Chem-demil
advisors to report on costs of shipping waste liquids
One commission member says the plan doesn't consider the cost of
overcoming political and legal obstacles
By JOHN NORTON
THE PUEBLO CHIEFTAIN
Two members of the Colorado Chemical Demilitarization Citizens Advisory Commission on Wednesday will present their analysis of the projected savings of shipping liquid waste from mustard agent neutralization.
The commission is scheduled to meet at 6 p.m. at the Olde Towne Carriage House, 102 S. Victoria Ave., the former Cope Office Supply building.

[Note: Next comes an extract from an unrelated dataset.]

(* Let $a,b,c,p\in\mathbb{C}$ with $-c\notin\mathbb{N}\cup\{0\}$ and $c\neq2$. Suppose that $\sinh(pz)F(a,b;c;z)=\sum_{n=0}^\infty u_nz^n$ for $|z|<1$. Then $u_0=0$, $u_1=p$, $u_2=\frac{abp}{c}$, $u_3=\frac{(a)_2(b)_2p}{2(c)_2}+\frac{p^3}{6}$, $u_4=\frac{abp^3}{6c}+\frac{(a)_3(b)_3p}{6(c)_3}$, $u_5=\frac{(a)_2(b)_2p^3}{12(c)_2}+\frac{(a)_4(b)_4p}{24(c)_4}+\frac{p^5}{120}$, $u_6=\frac{abp^5}{120c}+\frac{(a)_3(b)_3p^3}{36(c)_3}+\frac{(a)_5(b)_5p}{120(c)_5}$, $u_7=\frac{(a)_2(b)_2p^5}{240(c)_2}+\frac{(a)_4(b)_4p^3}{144(c)_4}+\frac{(a)_6(b)_6p}{720(c)_6}+\frac{p^7}{5040}$, $u_8=\frac{abp^7}{5040c}+\frac{(a)_3(b)_3p^5}{720(c)_3}+\frac{(a)_5(b)_5p^3}{720(c)_5}+\frac{(a)_7(b)_7p}{5040(c)_7}$, $u_9=\frac{(a)_2(b)_2p^7}{10080(c)_2}+\frac{(a)_4(b)_4p^5}{2880(c)_4}+\frac{(a)_6(b)_6p^3}{4320(c)_6}+\frac{(a)_8(b)_8p}{40320(c)_8}+\frac{p^9}{362880}$, and for all integers $n\ge9$, \[ u_{n+1}=\sum_{i=0}^9\delta_i(n)u_{n-i}, \] where $D(n)=(c-2)c\,n(n+1)(c+n-1)(c+n)$ and \[ \delta_0(n)=\frac{2(n-1)^2\left(a(c-2b)+c(b+c-3)\right)+4(c-2)(n-1)\left(c(a+b)-ab\right)+2ab(c-2)(c+1)}{(c-2)c(n+1)(c+n)}, \] \[ \begin{aligned} \delta_1(n)=\frac{1}{D(n)}\Big[&-(n-4)(n-3)(n-2)(n-1)\left(a^2+4c(a+b)-10ab+b^2+c^2-6c-4p^2-1\right)\\ &+2(n-3)(n-2)(n-1)\Big(a^2(4b-3c)+a\left(2(b-1)c+4b(b+3)-3c^2\right)-c\left(b(3b+3c+2)+c-4p^2-13\right)\Big)\\ &+(n-2)(n-1)\Big(a^2\left(8b^2+b(4c+6)-6c^2+c\right)+a\left(-(10b+7)c^2+4(b(b+3)+3)c+6b(b+1)\right)\\ &\qquad+c\left(b^2(1-6c)+b(12-7c)+6(c-2)p^2+c+11\right)\Big)\\ &+(c-2)\left(a^2b(c-b(c+2))+ab(b+1)c+c^2(c+1)p^2\right)\\ &+2(n-1)\left(a^2b(b(4c-2)-3(c-1)c)-abc(3b(c-1)+c-5)+(c-2)c(c+1)p^2\right)\Big], \end{aligned} \] \[ \begin{aligned} \delta_2(n)=\frac{2}{D(n)}\Big[&(n-5)(n-4)(n-3)(n-2)\left(a^2+a(c-4b)+(b-1)(b+c+1)-8p^2\right)\\ &+(n-4)(n-3)(n-2)\Big(a^3+a^2(-5b+3c+2)-a\left(b(5b-2c+14)-3c+4p^2+1\right)+(b+3c+1)\left(b^2+b-4p^2-2\right)\Big)\\ &-(n-3)(n-2)\Big(a^3(b-2c)+a^2(b(10b+9)-4(b+1)c)+a\left(b(b+1)(b-4c+8)+6cp^2+2c\right)\\ &\qquad+2c\left(-b^3-2b^2+3p^2(b+c-3)+b+2\right)\Big)\\ &-(n-2)\Big(a^3b(4b-3c+2)+a^2b(2b+1)(2b-c)-a\left(p^2(10b-3c^2+c)+(b-1)b(b(3c-2)+4c-2)\right)\\ &\qquad+cp^2\left(b(3c-1)+c^2-9\right)\Big)\\ &-(c+1)p^2\left(c^2(2a+2b+1)-3(a+1)(b+1)c+4ab\right)\\ &-(a-1)a(b-1)b\left(-c(a+b+1)+2ab+a+b+1\right)\Big], \end{aligned} \] \[ \begin{aligned} \delta_3(n)=-\frac{1}{D(n)}\Big[&(n-6)(n-5)(n-4)(n-3)\left((a-b)^2-24p^2-1\right)\\ &+2(n-5)(n-4)(n-3)\Big(a^3-a^2(b-2)-a\left(b(b+4)+12p^2+1\right)+b^3+2b^2-12p^2(b+c+1)-b-2\Big)\\ &+(n-4)(n-3)\Big(a^4+a^3(2b+3)-a^2\left(6b^2+3b+6p^2-1\right)+a\left(-12p^2(b+2c)+b(b(2b-3)-8)-3\right)\\ &\qquad-6p^2\left(b^2+4bc+(c-6)c-1\right)+(b+1)^2\left(b^2+b-2\right)+8p^4\Big)\\ &+2(n-3)\Big(-p^2\left(c^2(3a+3b+1)+c(a+b)(3a+3b+2)-40ab-13c\right)+ab(a-b-1)(a-b+1)(a+b)+4cp^4\Big)\\ &+a^4(b-1)b+a^3b(-2b^2+b+1)+a^2\left(b^4+b^3+p^2\left(-12b^2+2b(6c+5)-6c^2+c\right)-3b^2+b\right)\\ &+ap^2\left(-(6b+7)c^2+4(b(3b+2)+3)c+2b(5b-11)\right)\\ &-a(b-1)^2b(b+1)+cp^2\left(b^2(1-6c)+b(12-7c)+5(c-2)p^2+c+11\right)\Big], \end{aligned} \] \[ \begin{aligned} \delta_4(n)=\frac{2p^2}{D(n)}\Big[&-8(n-7)(n-6)(n-5)(n-4)-4(n-6)(n-5)(n-4)\left(3(a+b+1)+c\right)\\ &+2(n-5)(n-4)\left(8p^2-3(a+b-1)(a+b+c+1)\right)\\ &+(n-4)\Big(-a^3-a^2(3b+3c+2)+a\left(b(-3b-6c+46)-3c+4p^2+1\right)-(b+3c+1)\left(b^2+b-4p^2-2\right)\Big)\\ &+a^3(3b-2c)+a^2(3(5-2b)b-4c)+a\left(p^2(5c-6b)-4bc+3b(b(b+5)-4)+2c\right)\\ &+5cp^2(b+c-3)-2(b-1)(b+1)(b+2)c\Big], \end{aligned} \] \[ \begin{aligned} \delta_5(n)=\frac{p^2}{D(n)}\Big[&4(n-8)(n-7)(n-6)(n-5)+8(n-7)(n-6)(n-5)(a+b+1)\\ &+6(n-6)(n-5)\left((a+b)^2-8p^2-1\right)\\ &-2(n-5)\left(-a^3-3a^2b-2a^2-3ab^2+12p^2(a+b+c+1)+16ab+a-b^3-2b^2+b+2\right)\\ &+a^4+a^3(3-2b)+a^2\left(b(6b-11)-5p^2+1\right)-a\left(2b^3+11b^2-2b(13p^2+6)+20cp^2+3\right)\\ &-5p^2\left(b^2+4bc+(c-6)c-1\right)+(b+1)^2\left(b^2+b-2\right)+4p^4\Big], \end{aligned} \] \[ \delta_6(n)=\frac{2p^4\left(5a^2+a(-8b+5c+12n-72)+5b^2+5bc+12b(n-6)+4n(c+4n)-29c-196n-8p^2+595\right)}{D(n)}, \] \[ \delta_7(n)=\frac{p^4\left(-5a^2+2a(b-4n+28)-5b^2-8b(n-7)-8(n-14)n+24p^2-387\right)}{D(n)}, \] \[ \delta_8(n)=-\frac{16p^6}{D(n)},\qquad \delta_9(n)=\frac{4p^6}{D(n)}. \]
   Context: For $a\in\mathbb{C}$, $(a)_n=a(a+1)\cdots(a+n-1)$ denotes the Pochhammer symbol, with $(a)_0=1$. For $a,b,c\in\mathbb{C}$ with $-c\notin\mathbb{N}\cup\{0\}$, the Gaussian hypergeometric function is $F(a,b;c;z)=\sum_{n=0}^\infty \frac{(a)_n(b)_n}{(c)_n\,n!}z^n$, $|z|<1$. *)

theory Defs
  imports "HOL-Analysis.Analysis"
begin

Commission Chairman John Klomp and member Irene Kornelly were allowed to study the Defense Department's cost estimates, but it's unlikely any of that information will sway opponents of the plan.
Managers of the Assembled Chemical Weapons Alternatives programs, who oversee work at the Pueblo Chemical Depot and Kentucky's Blue Grass Army Depot, want to ship hydrolysate, the mostly water waste product left over from the neutralization of nerve and mustard agent, to other sites rather than treating it at the two locations as originally planned.
They say that off-site treatment will save $150 million, which if spent on a biotreatment plant at the two sites could slow down the projects.
Klomp and Kornelly were allowed to review the numbers because both have been granted clearances to see proprietary bidding information from contractors.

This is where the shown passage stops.